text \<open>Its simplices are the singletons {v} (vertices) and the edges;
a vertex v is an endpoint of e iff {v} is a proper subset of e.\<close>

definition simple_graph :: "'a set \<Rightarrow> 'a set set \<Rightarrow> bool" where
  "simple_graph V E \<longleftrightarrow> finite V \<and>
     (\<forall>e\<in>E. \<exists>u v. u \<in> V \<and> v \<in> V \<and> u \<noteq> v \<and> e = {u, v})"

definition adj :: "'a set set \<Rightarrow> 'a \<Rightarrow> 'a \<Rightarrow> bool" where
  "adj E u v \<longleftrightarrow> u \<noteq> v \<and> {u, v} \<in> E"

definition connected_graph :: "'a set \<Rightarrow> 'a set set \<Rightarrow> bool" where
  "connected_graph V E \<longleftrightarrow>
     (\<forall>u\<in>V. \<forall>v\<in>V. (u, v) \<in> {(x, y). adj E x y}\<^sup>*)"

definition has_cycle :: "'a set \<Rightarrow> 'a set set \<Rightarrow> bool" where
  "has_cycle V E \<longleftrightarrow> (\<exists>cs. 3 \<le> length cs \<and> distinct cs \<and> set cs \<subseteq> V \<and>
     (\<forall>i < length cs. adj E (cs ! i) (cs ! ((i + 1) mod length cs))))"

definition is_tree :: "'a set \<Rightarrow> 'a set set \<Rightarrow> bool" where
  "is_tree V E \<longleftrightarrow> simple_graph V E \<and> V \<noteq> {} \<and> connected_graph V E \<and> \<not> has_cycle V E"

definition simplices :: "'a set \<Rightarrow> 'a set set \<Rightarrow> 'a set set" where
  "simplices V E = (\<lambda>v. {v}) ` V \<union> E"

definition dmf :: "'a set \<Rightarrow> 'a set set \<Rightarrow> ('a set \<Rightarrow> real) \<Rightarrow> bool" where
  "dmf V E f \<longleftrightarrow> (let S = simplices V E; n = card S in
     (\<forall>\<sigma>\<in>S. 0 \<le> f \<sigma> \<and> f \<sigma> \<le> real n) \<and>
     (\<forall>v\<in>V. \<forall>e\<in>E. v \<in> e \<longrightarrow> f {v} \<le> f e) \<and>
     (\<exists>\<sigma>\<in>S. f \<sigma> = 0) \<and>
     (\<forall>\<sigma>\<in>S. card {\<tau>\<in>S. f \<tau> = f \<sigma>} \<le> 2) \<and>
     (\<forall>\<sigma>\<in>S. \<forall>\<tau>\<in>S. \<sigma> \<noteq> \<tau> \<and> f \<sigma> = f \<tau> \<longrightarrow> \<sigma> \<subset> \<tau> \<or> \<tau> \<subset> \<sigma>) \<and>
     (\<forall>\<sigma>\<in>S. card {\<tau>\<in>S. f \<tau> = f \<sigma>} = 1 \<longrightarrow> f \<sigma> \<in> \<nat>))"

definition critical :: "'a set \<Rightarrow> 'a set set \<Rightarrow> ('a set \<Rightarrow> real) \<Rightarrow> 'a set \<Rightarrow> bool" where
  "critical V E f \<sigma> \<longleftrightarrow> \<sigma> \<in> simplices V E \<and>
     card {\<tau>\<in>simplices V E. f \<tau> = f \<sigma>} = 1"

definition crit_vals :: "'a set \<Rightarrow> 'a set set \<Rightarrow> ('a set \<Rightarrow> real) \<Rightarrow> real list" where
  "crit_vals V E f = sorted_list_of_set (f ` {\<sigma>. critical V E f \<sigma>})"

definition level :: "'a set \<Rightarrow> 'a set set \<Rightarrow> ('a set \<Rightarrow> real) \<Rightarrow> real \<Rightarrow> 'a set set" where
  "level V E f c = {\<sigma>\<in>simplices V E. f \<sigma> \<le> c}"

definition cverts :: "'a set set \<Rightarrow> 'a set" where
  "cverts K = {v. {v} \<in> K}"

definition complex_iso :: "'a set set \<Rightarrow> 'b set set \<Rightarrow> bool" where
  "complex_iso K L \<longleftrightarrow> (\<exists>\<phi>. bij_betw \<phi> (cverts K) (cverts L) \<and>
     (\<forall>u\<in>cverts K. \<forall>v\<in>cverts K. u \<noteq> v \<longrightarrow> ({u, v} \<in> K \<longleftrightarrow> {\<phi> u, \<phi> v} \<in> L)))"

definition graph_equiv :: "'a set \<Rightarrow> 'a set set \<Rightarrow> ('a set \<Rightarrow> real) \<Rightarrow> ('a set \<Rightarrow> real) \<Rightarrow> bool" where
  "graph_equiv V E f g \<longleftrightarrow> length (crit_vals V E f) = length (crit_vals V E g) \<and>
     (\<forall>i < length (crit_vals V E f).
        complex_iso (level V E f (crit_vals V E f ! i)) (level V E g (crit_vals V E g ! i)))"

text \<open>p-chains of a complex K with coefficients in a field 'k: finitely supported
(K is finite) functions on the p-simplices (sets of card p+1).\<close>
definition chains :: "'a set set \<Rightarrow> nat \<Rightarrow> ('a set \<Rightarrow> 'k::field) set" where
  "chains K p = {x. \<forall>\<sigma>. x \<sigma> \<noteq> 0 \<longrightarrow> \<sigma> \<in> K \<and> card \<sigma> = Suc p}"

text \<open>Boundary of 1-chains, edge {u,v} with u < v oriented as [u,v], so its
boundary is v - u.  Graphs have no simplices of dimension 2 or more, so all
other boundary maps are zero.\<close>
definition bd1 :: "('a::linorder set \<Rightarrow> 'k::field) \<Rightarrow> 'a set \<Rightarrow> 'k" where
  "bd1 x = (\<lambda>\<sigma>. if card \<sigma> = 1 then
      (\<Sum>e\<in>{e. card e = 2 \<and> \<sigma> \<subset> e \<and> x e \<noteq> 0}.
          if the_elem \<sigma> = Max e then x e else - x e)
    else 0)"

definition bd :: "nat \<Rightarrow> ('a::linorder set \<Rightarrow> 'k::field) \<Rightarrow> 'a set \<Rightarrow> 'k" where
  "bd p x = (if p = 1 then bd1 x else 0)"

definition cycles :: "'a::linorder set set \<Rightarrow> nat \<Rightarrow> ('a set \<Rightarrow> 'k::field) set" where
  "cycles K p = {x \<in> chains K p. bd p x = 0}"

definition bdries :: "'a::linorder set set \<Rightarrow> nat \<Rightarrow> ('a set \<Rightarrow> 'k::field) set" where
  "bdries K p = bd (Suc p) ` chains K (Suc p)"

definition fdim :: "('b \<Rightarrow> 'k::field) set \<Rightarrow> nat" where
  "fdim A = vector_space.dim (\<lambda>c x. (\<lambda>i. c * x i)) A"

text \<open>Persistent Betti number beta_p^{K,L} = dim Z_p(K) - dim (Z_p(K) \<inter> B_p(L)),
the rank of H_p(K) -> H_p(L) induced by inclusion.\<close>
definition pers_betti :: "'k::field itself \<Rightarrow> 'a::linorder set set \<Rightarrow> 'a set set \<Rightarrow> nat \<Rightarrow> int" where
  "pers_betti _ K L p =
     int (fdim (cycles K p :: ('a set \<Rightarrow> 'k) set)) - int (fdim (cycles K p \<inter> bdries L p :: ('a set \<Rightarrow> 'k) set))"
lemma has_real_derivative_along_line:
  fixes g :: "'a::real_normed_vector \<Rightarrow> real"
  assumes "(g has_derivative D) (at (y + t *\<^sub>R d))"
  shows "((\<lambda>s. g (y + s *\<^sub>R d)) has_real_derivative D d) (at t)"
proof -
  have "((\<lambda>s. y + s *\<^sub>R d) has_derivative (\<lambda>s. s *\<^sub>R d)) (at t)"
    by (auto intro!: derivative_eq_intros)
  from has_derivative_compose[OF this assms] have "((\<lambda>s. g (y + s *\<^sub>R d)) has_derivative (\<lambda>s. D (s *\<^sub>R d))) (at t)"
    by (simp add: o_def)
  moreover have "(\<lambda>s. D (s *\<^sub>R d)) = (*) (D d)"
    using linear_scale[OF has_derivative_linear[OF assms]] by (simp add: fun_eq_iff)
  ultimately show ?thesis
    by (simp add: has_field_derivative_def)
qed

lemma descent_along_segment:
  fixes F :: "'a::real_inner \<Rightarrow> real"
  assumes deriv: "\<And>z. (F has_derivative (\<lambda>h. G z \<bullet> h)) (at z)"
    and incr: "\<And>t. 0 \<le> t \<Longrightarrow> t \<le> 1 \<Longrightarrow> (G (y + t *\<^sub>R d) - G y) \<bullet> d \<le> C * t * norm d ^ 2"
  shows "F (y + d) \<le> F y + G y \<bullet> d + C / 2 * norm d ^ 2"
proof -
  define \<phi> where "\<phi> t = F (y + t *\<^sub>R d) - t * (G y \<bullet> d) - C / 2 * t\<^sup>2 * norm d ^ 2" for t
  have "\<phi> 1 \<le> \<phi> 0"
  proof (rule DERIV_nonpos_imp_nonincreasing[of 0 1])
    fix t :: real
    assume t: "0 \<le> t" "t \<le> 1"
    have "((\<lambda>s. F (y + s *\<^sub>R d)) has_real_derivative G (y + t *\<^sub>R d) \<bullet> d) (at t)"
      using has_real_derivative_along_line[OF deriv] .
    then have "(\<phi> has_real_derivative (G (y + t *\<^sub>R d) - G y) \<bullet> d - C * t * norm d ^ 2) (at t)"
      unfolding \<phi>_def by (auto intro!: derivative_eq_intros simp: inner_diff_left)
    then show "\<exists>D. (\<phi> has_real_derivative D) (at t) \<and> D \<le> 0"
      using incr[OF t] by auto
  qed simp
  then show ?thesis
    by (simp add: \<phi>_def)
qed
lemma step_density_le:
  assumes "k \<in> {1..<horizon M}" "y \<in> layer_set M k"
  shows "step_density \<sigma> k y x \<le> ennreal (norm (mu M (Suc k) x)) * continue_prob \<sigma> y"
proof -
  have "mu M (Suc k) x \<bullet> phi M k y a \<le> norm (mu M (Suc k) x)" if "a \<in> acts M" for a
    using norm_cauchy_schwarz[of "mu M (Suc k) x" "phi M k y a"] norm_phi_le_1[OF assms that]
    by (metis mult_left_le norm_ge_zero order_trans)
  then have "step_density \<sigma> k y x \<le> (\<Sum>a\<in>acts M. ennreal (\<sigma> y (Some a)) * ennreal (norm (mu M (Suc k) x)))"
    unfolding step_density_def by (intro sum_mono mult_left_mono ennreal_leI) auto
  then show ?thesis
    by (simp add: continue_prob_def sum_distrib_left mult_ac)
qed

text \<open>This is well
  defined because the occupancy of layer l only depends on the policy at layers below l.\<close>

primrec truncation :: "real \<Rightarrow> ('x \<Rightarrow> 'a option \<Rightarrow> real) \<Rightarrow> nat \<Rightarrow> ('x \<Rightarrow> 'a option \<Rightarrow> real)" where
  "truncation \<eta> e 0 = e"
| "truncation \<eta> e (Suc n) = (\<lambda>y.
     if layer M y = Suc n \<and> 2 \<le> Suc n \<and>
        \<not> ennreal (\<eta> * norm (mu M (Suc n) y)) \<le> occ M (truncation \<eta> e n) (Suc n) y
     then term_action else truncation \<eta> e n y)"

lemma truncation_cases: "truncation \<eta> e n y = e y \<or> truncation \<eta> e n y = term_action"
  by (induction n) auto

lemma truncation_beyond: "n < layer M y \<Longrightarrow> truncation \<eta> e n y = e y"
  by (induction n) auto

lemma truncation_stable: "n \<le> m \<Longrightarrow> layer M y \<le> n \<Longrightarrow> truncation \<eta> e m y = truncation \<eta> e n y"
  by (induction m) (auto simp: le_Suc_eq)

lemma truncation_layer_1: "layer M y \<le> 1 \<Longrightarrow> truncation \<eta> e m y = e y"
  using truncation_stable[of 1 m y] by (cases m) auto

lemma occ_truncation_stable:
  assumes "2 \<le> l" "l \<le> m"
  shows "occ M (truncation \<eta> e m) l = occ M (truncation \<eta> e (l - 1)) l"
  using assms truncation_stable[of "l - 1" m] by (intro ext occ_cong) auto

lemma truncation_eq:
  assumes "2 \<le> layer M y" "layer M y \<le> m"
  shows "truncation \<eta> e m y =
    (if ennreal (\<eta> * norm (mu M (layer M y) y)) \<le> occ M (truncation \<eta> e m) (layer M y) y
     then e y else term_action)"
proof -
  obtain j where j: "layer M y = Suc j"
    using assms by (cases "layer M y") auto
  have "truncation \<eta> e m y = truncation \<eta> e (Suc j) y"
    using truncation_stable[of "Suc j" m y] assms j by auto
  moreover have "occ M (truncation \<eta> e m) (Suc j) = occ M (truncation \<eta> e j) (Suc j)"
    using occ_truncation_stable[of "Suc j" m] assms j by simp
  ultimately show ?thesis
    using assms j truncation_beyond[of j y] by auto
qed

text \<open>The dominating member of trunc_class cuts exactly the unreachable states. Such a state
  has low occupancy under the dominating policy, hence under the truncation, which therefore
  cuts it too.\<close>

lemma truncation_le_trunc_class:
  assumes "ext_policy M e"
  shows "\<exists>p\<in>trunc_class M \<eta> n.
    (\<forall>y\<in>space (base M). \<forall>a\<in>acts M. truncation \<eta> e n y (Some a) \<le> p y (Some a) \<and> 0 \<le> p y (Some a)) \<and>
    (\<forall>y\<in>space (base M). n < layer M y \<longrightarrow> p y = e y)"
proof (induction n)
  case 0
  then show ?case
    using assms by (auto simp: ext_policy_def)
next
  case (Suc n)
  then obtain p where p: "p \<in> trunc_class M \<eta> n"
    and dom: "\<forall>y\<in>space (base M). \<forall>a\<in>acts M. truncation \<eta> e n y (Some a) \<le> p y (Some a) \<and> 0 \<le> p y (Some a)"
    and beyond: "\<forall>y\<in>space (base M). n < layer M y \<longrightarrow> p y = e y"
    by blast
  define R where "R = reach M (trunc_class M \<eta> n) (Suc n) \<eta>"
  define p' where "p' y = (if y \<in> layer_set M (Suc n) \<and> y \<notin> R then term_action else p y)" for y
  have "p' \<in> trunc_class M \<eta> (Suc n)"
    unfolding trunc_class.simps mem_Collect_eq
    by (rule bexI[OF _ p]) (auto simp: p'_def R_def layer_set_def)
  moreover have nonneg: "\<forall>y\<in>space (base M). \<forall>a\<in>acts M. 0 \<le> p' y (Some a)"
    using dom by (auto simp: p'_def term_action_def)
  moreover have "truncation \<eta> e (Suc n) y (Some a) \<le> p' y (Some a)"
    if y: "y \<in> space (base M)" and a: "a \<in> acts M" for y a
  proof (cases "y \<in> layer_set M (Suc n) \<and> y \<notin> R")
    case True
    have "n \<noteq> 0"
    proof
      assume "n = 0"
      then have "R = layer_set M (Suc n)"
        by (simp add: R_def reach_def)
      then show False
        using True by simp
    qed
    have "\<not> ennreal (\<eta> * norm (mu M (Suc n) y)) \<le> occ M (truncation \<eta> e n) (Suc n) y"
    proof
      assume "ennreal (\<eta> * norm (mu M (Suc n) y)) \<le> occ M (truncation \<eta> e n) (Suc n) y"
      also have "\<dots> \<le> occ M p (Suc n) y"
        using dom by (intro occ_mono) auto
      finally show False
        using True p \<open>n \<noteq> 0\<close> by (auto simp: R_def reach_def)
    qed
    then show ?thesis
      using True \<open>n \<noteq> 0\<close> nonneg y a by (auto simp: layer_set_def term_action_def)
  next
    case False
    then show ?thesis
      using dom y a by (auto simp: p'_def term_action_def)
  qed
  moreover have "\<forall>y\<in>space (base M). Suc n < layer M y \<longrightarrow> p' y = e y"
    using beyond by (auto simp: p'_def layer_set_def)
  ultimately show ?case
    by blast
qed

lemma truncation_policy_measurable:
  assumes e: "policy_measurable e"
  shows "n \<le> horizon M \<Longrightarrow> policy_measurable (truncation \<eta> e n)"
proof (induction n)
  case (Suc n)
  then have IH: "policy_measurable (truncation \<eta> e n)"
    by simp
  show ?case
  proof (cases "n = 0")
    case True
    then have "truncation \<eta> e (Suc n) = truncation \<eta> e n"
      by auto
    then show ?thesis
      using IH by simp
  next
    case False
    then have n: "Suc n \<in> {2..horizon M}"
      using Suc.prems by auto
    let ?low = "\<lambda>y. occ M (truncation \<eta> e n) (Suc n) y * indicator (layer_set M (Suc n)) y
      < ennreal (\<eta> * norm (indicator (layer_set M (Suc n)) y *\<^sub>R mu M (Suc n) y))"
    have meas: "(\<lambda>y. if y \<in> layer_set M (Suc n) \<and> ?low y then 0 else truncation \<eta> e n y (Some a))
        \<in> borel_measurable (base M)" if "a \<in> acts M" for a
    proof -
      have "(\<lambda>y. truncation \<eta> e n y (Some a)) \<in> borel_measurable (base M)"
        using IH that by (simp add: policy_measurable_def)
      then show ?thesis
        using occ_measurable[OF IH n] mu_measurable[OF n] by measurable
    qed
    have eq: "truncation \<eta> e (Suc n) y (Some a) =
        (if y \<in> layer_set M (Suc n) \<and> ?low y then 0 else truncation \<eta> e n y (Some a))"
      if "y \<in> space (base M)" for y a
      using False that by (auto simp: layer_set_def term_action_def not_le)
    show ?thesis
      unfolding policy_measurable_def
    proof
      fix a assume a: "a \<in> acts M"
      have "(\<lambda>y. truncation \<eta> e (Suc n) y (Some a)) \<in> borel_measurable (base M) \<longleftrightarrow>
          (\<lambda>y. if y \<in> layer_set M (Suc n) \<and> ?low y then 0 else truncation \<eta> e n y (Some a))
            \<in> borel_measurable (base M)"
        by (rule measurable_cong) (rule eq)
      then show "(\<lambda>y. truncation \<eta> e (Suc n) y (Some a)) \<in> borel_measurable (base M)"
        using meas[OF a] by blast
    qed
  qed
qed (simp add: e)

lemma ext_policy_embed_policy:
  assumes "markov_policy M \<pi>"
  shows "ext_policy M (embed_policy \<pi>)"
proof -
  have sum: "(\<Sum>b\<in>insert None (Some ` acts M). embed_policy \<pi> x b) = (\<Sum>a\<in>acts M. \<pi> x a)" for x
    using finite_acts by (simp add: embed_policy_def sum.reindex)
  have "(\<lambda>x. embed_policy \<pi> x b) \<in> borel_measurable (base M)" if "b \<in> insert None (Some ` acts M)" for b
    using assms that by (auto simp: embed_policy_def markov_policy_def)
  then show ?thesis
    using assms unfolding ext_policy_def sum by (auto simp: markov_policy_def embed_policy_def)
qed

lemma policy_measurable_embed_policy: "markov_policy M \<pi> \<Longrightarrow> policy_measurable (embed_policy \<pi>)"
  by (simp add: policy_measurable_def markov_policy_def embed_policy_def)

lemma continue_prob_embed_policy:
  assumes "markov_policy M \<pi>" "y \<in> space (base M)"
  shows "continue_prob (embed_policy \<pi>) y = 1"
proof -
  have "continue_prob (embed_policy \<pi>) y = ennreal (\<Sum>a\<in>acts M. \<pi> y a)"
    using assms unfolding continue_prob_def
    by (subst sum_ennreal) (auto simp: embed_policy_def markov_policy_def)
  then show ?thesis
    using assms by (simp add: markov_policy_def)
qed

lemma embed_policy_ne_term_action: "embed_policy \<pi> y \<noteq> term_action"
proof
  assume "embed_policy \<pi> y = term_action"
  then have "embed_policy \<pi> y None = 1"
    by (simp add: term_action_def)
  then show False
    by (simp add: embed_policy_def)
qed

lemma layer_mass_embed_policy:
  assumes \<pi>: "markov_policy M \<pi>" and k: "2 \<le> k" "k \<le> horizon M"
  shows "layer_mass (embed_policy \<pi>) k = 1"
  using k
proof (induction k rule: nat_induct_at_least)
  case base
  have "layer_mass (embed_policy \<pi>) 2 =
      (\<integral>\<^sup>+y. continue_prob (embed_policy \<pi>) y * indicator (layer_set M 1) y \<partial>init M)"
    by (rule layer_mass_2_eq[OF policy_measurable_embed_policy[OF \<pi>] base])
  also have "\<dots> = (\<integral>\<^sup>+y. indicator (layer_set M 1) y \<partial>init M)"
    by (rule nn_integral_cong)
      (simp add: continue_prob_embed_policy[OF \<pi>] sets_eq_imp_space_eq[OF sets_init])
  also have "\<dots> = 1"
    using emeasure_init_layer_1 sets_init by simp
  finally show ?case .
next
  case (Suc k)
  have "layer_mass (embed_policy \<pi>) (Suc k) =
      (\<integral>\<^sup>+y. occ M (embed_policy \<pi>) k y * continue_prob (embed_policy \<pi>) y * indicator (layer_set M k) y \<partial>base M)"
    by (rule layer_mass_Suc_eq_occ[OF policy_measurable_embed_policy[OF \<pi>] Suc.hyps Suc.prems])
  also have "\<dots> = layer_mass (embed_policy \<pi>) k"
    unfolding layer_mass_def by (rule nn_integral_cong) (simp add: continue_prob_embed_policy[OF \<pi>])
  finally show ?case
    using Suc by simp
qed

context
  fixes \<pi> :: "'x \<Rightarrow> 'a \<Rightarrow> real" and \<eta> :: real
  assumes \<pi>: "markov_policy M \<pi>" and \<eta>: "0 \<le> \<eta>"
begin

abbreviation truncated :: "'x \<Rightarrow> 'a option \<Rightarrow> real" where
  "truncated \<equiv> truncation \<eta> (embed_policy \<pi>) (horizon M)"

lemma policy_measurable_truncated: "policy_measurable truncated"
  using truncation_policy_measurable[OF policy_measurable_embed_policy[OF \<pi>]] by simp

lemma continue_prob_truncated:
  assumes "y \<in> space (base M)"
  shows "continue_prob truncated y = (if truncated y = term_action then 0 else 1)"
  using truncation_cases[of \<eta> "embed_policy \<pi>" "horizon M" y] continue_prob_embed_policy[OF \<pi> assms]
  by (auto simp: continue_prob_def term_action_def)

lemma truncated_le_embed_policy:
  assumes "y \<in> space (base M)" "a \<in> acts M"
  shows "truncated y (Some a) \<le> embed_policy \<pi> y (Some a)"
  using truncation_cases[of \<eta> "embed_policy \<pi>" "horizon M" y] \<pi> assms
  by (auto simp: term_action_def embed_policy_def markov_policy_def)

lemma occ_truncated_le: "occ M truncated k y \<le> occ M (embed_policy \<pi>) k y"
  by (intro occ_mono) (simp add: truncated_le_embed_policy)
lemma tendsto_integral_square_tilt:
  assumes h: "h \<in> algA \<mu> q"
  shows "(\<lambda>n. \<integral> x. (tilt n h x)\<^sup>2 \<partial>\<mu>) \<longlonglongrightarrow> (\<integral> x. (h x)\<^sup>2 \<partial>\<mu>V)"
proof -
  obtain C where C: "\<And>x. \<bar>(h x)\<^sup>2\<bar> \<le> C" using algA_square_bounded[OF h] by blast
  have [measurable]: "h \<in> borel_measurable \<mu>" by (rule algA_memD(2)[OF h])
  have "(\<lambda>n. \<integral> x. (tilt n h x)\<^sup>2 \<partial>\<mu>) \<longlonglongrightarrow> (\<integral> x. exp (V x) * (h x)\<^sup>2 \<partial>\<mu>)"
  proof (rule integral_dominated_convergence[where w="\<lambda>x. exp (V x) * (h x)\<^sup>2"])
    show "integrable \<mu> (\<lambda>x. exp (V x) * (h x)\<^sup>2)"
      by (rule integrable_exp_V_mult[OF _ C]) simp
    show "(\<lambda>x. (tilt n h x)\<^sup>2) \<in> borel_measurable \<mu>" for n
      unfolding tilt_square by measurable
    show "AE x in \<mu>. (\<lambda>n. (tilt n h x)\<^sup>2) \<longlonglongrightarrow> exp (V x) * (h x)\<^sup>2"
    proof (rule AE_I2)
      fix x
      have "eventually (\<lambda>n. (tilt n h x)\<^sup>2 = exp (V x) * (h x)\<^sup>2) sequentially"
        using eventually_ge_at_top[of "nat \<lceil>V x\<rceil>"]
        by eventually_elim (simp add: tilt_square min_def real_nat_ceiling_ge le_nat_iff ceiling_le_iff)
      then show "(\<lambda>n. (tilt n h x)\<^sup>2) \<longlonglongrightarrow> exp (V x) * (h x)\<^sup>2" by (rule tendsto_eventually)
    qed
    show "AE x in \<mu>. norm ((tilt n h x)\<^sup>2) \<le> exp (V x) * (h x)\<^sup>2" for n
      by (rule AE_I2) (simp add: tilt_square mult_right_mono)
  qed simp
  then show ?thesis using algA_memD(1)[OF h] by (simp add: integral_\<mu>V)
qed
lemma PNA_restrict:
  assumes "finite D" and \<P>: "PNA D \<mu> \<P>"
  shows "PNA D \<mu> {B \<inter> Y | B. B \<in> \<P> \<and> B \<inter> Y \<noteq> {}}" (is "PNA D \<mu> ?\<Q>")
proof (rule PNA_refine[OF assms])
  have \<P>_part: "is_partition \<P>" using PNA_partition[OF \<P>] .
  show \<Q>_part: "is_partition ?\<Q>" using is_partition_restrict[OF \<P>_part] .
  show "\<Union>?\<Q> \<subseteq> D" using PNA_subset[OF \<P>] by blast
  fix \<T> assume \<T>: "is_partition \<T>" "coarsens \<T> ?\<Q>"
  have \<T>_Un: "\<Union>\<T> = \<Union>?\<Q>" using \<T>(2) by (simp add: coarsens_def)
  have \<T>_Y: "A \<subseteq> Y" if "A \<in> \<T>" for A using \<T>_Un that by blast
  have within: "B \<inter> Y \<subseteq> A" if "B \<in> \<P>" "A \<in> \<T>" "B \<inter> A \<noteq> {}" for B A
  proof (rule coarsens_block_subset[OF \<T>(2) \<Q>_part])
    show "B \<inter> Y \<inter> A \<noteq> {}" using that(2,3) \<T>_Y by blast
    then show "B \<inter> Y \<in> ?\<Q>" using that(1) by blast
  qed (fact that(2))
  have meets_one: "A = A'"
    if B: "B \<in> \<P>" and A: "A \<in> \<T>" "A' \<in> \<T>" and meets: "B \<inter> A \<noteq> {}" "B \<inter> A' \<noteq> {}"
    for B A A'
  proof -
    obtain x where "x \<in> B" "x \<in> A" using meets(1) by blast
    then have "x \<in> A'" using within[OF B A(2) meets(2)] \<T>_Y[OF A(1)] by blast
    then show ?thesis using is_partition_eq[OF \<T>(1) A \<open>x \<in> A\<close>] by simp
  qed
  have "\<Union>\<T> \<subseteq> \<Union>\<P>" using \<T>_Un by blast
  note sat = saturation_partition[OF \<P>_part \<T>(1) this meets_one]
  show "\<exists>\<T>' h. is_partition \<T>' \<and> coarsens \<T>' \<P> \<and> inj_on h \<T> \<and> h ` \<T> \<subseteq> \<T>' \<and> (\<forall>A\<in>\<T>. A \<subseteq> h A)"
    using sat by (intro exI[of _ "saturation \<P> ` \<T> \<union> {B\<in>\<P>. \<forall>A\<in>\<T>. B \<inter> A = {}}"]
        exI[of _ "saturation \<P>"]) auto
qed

------------------------------------------------------------

- [What this task involves]: Retype, exactly and in full, the listing from its first line to the one holding "finite V \<and>", both included.

- [Result]:
text \<open>Its simplices are the singletons {v} (vertices) and the edges;
a vertex v is an endpoint of e iff {v} is a proper subset of e.\<close>

definition simple_graph :: "'a set \<Rightarrow> 'a set set \<Rightarrow> bool" where
  "simple_graph V E \<longleftrightarrow> finite V \<and>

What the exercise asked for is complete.